Leeds Forum

Preview Billy Liar

A very local play comes to the WYP to celebrate its 50th anniversary

Preview: Billy Liar

Excepting one or two by Alan Bennett, Billy Liar is about as familiar as plays from these parts get. However, it was originally a novel and is perhaps best-known as a film. In 1999 the British Film Institute proclaimed it the country’s 76th best ever, and it forms part of a lineage that brought Bradford the inaugural UNESCO City of Film award last year.

It stars Sir Tom Courtenay, who had understudied for Albert Finney in the play’s original West End production; a couple of decades later the pair would collaborate on another bastion of Bradford’s cinematic heritage, The Dresser.

The novel’s author, and the play and film’s co-author, Keith Waterhouse died last year. However, the West Yorkshire Playhouse seems reluctant to underline this fact prior to its new production, perhaps for fear that doing so might stoke the misconception that it is among the reasons for the company’s decision to produce. Instead, the Playhouse has plumped for a routine ‘50 years since first staged’ standpoint.

Like co-author Willis Hall, Waterhouse was born and raised in Leeds but succeeded in achieving his protagonist Billy Fisher’s goal of fleeing the North for London to find recognition for his writing. Considering that it’s a comedy conceived on the cusp of the 60s, its plot is quite downbeat: as its title indicates, Fisher is an irresponsible fantasist, not a spirited dreamer. He wants to write scripts for the metropolitan hordes, but the tangibles of his life are all dreary and wearying: he lives with his family in the small, fictional West Riding town of Stradhoughton, works as a clerk for a firm of undertakers, and is engaged to two women that he doesn’t fancy but not to the one he does.
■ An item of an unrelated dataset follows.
(* Let $K\ge1$, $L\ge K$, $m\ge1$. Let $\mathcal G_{\mathrm{train}}$ be a finite set of training pairs $(G,\Gamma^K(G))$ with $M$ total reachable nodes, containing the pairs $(H^{(0)}_K,\Gamma^K(H^{(0)}_K))$ and $(P^{(0)}_1(1),\Gamma^K(P^{(0)}_1(1)))$. Let $0<\eta<\frac{1}{2M(mL+mK+K)}$ and $0\le\epsilon<\eta$, and consider $L$-layer MinAgg GNNs $\mathcal A_\theta$ with $m$-layer MLPs. Then the minimum of $\mathcal L_{\mathrm{reg}}(\theta)=\mathcal L_{\mathrm{MAE}}(\mathcal G_{\mathrm{train}},\mathcal A_\theta)+\eta\|\theta\|_0$ over all $\theta$ equals $\eta(mL+mK+K)$. Moreover, if $\mathcal L_{\mathrm{reg}}(\theta)\le\eta(mL+mK+K)+\epsilon$, then: $\theta$ has exactly $mL+mK+K$ nonzero entries; $\mathcal A_\theta$ has exactly $K$ message passing layers $\ell_1<\dots<\ell_K$, each of them edge-dependent; every $f^{\mathrm{up},(\ell)}$ is non-constant; all bias vectors $b^{\mathrm{up},(\ell)}_j,b^{\mathrm{agg},(\ell)}_j$ are zero; $\|W^{\mathrm{up},(\ell)}_j\|_0=1$ for all $j\in[m]$, $\ell\in[L]$; and for each message passing layer $\ell_k$, $\|W^{\mathrm{agg},(\ell_k)}_1\|_0=2$ with both nonzero entries in the same row, and $\|W^{\mathrm{agg},(\ell_k)}_j\|_0=1$ for $2\le j\le m$.
   Context: Attributed graphs: $G=(V,E,X_{\mathrm v},X_{\mathrm e})$, $V$ finite, undirected edges, nonnegative edge weights and nonnegative node features; self-loop of weight $0$ at each node; $\mathcal N(v)=\{v\}\cup\{u:\{u,v\}\in E\}$. A large constant $\beta>0$ encodes "infinite distance". $x_v(H)$ is the feature of $v$ in $H$. $\Gamma$ sends $G$ to the graph with the same vertices, edges and weights and features $x'_v=\min\{x_u+x_{(u,v)}:u\in\mathcal N(v)\}$; $\Gamma^K$ is its $K$-fold iterate. For a source $s$, $\mathrm d^{(t)}(s,v)$ is the minimal weight of a walk from $s$ to $v$ with at most $t$ edges ($\beta$ if none); a $t$-step BF instance is a graph with features $x_v=\mathrm d^{(t)}(s,v)$ for a designated source $s$. $P^{(t)}_k(a_1,\dots,a_k)$: path $v_0,\dots,v_k$, edge $\{v_{i-1},v_i\}$ of weight $a_i$, features $x_{v_i}=\mathrm d^{(t)}(v_0,v_i)$. $H^{(0)}_K$: vertices $v_0,\dots,v_K,u_0,\dots,u_K$; edges $\{v_{i-1},v_i\},\{u_{i-1},u_i\}$ (weight $0$) and $\{u_{i-1},v_i\},\{v_{i-1},u_i\}$ (weight $1$), $i\in[K]$; features $x_{v_0}=0$, $x_w=\beta$ otherwise. MinAgg GNN $\mathcal A_\theta$ ($L$ layers, hidden dimension $d$, $m$-layer MLPs): for $\ell\in[L]$, $m$-layer ReLU MLPs $f^{\mathrm{agg},(\ell)}:\mathbb R^{d_{\ell-1}+1}\to\mathbb R^d$ with parameters $(W^{\mathrm{agg},(\ell)}_j,b^{\mathrm{agg},(\ell)}_j)_{j\in[m]}$ and $f^{\mathrm{up},(\ell)}:\mathbb R^{d+d_{\ell-1}}\to\mathbb R^{d_\ell}$ with parameters $(W^{\mathrm{up},(\ell)}_j,b^{\mathrm{up},(\ell)}_j)_{j\in[m]}$, each computing $x^{(j)}=\sigma(W_jx^{(j-1)}+b_j)$ with componentwise ReLU $\sigma$; $d_0=d_L=1$, $d_\ell=d$ otherwise. $h^{(0)}_v=x_v$, $h^{(\ell)}_v=f^{\mathrm{up},(\ell)}\big(\min_{u\in\mathcal N(v)}f^{\mathrm{agg},(\ell)}(h^{(\ell-1)}_u\oplus x_{(u,v)})\oplus h^{(\ell-1)}_v\big)$ (coordinatewise min, $\oplus$ concatenation). $\theta$ is the collection of all these parameters and $\|\theta\|_0$ the number of nonzero entries; $\|W\|_0$ is the number of nonzero entries of a matrix. Dependence: a function $f$ on $\mathbb R^n_{\ge0}$ depends on a set $S$ of coordinates if some $x\ne y$ in $\mathbb R^n_{\ge0}$ agreeing outside $S$ have $f(x)\ne f(y)$; "constant" means constant on $\mathbb R^n_{\ge0}$. Node component of $f^{\mathrm{agg},(\ell)}$: first $d_{\ell-1}$ input coordinates; edge component: the last. Layer $\ell$ is message passing if $f^{\mathrm{agg},(\ell)}$ depends on its node component, edge-dependent message passing if it also depends on its edge component. Loss: a training set $\mathcal G_{\mathrm{train}}$ is a finite set of pairs $(G,\Gamma^K(G))$ with $G$ a BF instance; $V^*(G)=\{v: x_v(\Gamma^K(G))\ne\beta\}$ (nodes reachable from the source within the target), $M=\sum_{(G,\cdot)\in\mathcal G_{\mathrm{train}}}|V^*(G)|$, and $\mathcal L_{\mathrm{MAE}}(\mathcal G_{\mathrm{train}},\mathcal A_\theta)=\frac1M\sum_{G}\sum_{v\in V^*(G)}|x_v(\Gamma^K(G))-h^{(L)}_v(G)|$. *)

theory Defs
  imports "HOL-Analysis.Analysis"
begin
It belongs to the flock of mucky tales under crowded terrace-tops that fathered soaps, although Fisher’s instinct for flight over fight defies the movement’s mores.

The Playhouse production is to be directed by Nick Bagnall. He is taking the fairly unusual step of making his directorial debut with the company, having served with it as an actor before. His work as a director has spanned much of the country, but a rendition last year of Joe Orton’s Entertaining Mr Sloane at the West End’s Trafalgar Studios was probably his highest-profile project to date.

As well as earning considerable status in its own right, the play has bequeathed much to popular culture. For it is thought to have inspired Morrissey to write The Smiths’ tirade against marriage ‘William, it Was Really Nothing’, a theory no doubt grounded in the song’s portrait of a romantic quagmire not dissimilar to Fisher’s: “How can you stay with a fat girl who’ll say / Would you like to marry me? / And if you like you can buy the ring.

4 September – 2 October, West Yorkshire Playhouse, £16–26 (concs available)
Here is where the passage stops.